* Data supplied *

== Segment start ==

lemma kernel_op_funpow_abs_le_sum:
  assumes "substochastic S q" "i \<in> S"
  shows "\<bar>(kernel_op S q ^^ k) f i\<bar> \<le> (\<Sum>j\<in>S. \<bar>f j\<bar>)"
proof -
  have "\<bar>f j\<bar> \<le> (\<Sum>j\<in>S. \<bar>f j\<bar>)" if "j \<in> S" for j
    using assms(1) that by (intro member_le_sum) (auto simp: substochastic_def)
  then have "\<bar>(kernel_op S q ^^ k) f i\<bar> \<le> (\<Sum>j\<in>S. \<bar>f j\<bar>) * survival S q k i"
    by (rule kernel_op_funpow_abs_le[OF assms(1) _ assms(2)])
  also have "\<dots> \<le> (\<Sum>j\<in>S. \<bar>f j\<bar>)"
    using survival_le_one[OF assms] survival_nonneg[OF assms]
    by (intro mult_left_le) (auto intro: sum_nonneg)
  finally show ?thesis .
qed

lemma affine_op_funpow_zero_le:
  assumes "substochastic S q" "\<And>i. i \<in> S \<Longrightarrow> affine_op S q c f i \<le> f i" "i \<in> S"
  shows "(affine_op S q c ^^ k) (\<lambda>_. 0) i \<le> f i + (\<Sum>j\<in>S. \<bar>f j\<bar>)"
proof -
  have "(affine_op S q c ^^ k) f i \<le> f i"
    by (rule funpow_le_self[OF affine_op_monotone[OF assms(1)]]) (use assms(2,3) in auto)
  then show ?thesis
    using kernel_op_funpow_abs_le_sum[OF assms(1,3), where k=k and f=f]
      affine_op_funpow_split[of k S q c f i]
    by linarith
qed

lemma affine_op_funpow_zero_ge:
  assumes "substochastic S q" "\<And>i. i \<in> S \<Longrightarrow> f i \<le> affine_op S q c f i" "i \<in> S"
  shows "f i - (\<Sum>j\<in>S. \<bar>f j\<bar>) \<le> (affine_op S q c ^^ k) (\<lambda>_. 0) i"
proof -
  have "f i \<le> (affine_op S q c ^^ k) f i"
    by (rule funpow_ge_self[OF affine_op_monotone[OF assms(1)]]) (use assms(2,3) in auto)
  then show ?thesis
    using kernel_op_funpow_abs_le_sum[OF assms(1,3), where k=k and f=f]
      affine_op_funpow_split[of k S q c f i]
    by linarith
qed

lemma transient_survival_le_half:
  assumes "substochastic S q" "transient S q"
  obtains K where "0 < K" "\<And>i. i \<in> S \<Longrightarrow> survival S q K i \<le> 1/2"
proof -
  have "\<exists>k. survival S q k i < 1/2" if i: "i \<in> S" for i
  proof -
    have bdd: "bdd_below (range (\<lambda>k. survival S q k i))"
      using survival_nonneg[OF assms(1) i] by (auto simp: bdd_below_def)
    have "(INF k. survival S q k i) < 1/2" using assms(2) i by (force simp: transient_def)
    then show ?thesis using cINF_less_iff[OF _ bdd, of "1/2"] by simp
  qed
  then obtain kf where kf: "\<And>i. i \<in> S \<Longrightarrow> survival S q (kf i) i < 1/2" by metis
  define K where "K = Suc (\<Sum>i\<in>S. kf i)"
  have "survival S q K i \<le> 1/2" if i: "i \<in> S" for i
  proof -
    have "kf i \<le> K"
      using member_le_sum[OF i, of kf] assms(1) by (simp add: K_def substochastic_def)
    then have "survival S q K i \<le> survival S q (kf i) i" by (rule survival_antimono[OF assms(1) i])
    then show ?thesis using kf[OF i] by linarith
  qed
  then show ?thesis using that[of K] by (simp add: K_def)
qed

== Segment end ==
== Segment start ==

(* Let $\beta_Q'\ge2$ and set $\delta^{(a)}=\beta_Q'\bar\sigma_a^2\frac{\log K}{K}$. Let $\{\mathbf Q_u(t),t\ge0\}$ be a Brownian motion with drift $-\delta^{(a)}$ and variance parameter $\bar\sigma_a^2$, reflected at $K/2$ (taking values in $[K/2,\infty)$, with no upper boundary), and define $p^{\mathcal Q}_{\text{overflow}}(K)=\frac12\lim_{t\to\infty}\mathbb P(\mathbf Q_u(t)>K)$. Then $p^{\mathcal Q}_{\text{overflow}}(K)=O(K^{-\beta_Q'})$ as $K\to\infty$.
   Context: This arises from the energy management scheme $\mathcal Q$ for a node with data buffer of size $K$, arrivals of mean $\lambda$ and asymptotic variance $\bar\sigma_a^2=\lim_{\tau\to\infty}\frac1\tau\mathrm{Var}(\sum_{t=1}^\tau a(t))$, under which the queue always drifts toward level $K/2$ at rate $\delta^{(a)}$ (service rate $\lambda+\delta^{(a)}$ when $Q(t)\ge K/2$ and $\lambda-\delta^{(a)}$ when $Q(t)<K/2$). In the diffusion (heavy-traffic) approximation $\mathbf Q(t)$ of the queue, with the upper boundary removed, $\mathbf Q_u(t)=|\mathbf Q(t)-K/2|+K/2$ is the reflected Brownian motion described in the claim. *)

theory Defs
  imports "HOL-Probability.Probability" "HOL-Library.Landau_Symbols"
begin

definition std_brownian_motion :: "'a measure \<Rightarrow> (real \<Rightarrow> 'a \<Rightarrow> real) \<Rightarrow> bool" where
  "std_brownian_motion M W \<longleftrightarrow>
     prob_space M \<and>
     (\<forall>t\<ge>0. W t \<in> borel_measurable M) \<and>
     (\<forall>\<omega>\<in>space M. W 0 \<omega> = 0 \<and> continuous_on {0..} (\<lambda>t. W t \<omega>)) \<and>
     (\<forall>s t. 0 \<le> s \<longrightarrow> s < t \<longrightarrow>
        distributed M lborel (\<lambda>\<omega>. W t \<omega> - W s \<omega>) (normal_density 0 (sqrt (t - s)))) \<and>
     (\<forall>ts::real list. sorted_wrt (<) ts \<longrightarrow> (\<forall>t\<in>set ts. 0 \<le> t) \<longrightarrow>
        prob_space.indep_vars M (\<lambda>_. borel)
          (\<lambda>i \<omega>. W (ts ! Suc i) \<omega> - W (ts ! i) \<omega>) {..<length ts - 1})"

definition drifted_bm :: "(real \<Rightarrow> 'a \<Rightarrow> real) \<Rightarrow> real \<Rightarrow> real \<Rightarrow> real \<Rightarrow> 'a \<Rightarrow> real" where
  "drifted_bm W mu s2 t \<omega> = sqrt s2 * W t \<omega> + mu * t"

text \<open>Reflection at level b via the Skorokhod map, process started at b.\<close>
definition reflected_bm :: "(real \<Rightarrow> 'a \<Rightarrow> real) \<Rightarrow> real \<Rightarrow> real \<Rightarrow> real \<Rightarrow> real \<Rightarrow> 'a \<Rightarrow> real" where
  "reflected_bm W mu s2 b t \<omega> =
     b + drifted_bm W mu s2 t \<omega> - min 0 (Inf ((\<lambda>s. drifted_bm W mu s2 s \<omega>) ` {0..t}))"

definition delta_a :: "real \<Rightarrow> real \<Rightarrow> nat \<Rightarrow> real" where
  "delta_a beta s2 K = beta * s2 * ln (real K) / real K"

== Segment end ==

* Exercise directions *
Within the material above, extract exactly the lines that start at the line containing "(\<forall>s t. 0" and stop after the line containing "ln (real K)", and only those.

* Answer to this task *
     (\<forall>s t. 0 \<le> s \<longrightarrow> s < t \<longrightarrow>
        distributed M lborel (\<lambda>\<omega>. W t \<omega> - W s \<omega>) (normal_density 0 (sqrt (t - s)))) \<and>
     (\<forall>ts::real list. sorted_wrt (<) ts \<longrightarrow> (\<forall>t\<in>set ts. 0 \<le> t) \<longrightarrow>
        prob_space.indep_vars M (\<lambda>_. borel)
          (\<lambda>i \<omega>. W (ts ! Suc i) \<omega> - W (ts ! i) \<omega>) {..<length ts - 1})"

definition drifted_bm :: "(real \<Rightarrow> 'a \<Rightarrow> real) \<Rightarrow> real \<Rightarrow> real \<Rightarrow> real \<Rightarrow> 'a \<Rightarrow> real" where
  "drifted_bm W mu s2 t \<omega> = sqrt s2 * W t \<omega> + mu * t"

text \<open>Reflection at level b via the Skorokhod map, process started at b.\<close>
definition reflected_bm :: "(real \<Rightarrow> 'a \<Rightarrow> real) \<Rightarrow> real \<Rightarrow> real \<Rightarrow> real \<Rightarrow> real \<Rightarrow> 'a \<Rightarrow> real" where
  "reflected_bm W mu s2 b t \<omega> =
     b + drifted_bm W mu s2 t \<omega> - min 0 (Inf ((\<lambda>s. drifted_bm W mu s2 s \<omega>) ` {0..t}))"

definition delta_a :: "real \<Rightarrow> real \<Rightarrow> nat \<Rightarrow> real" where
  "delta_a beta s2 K = beta * s2 * ln (real K) / real K"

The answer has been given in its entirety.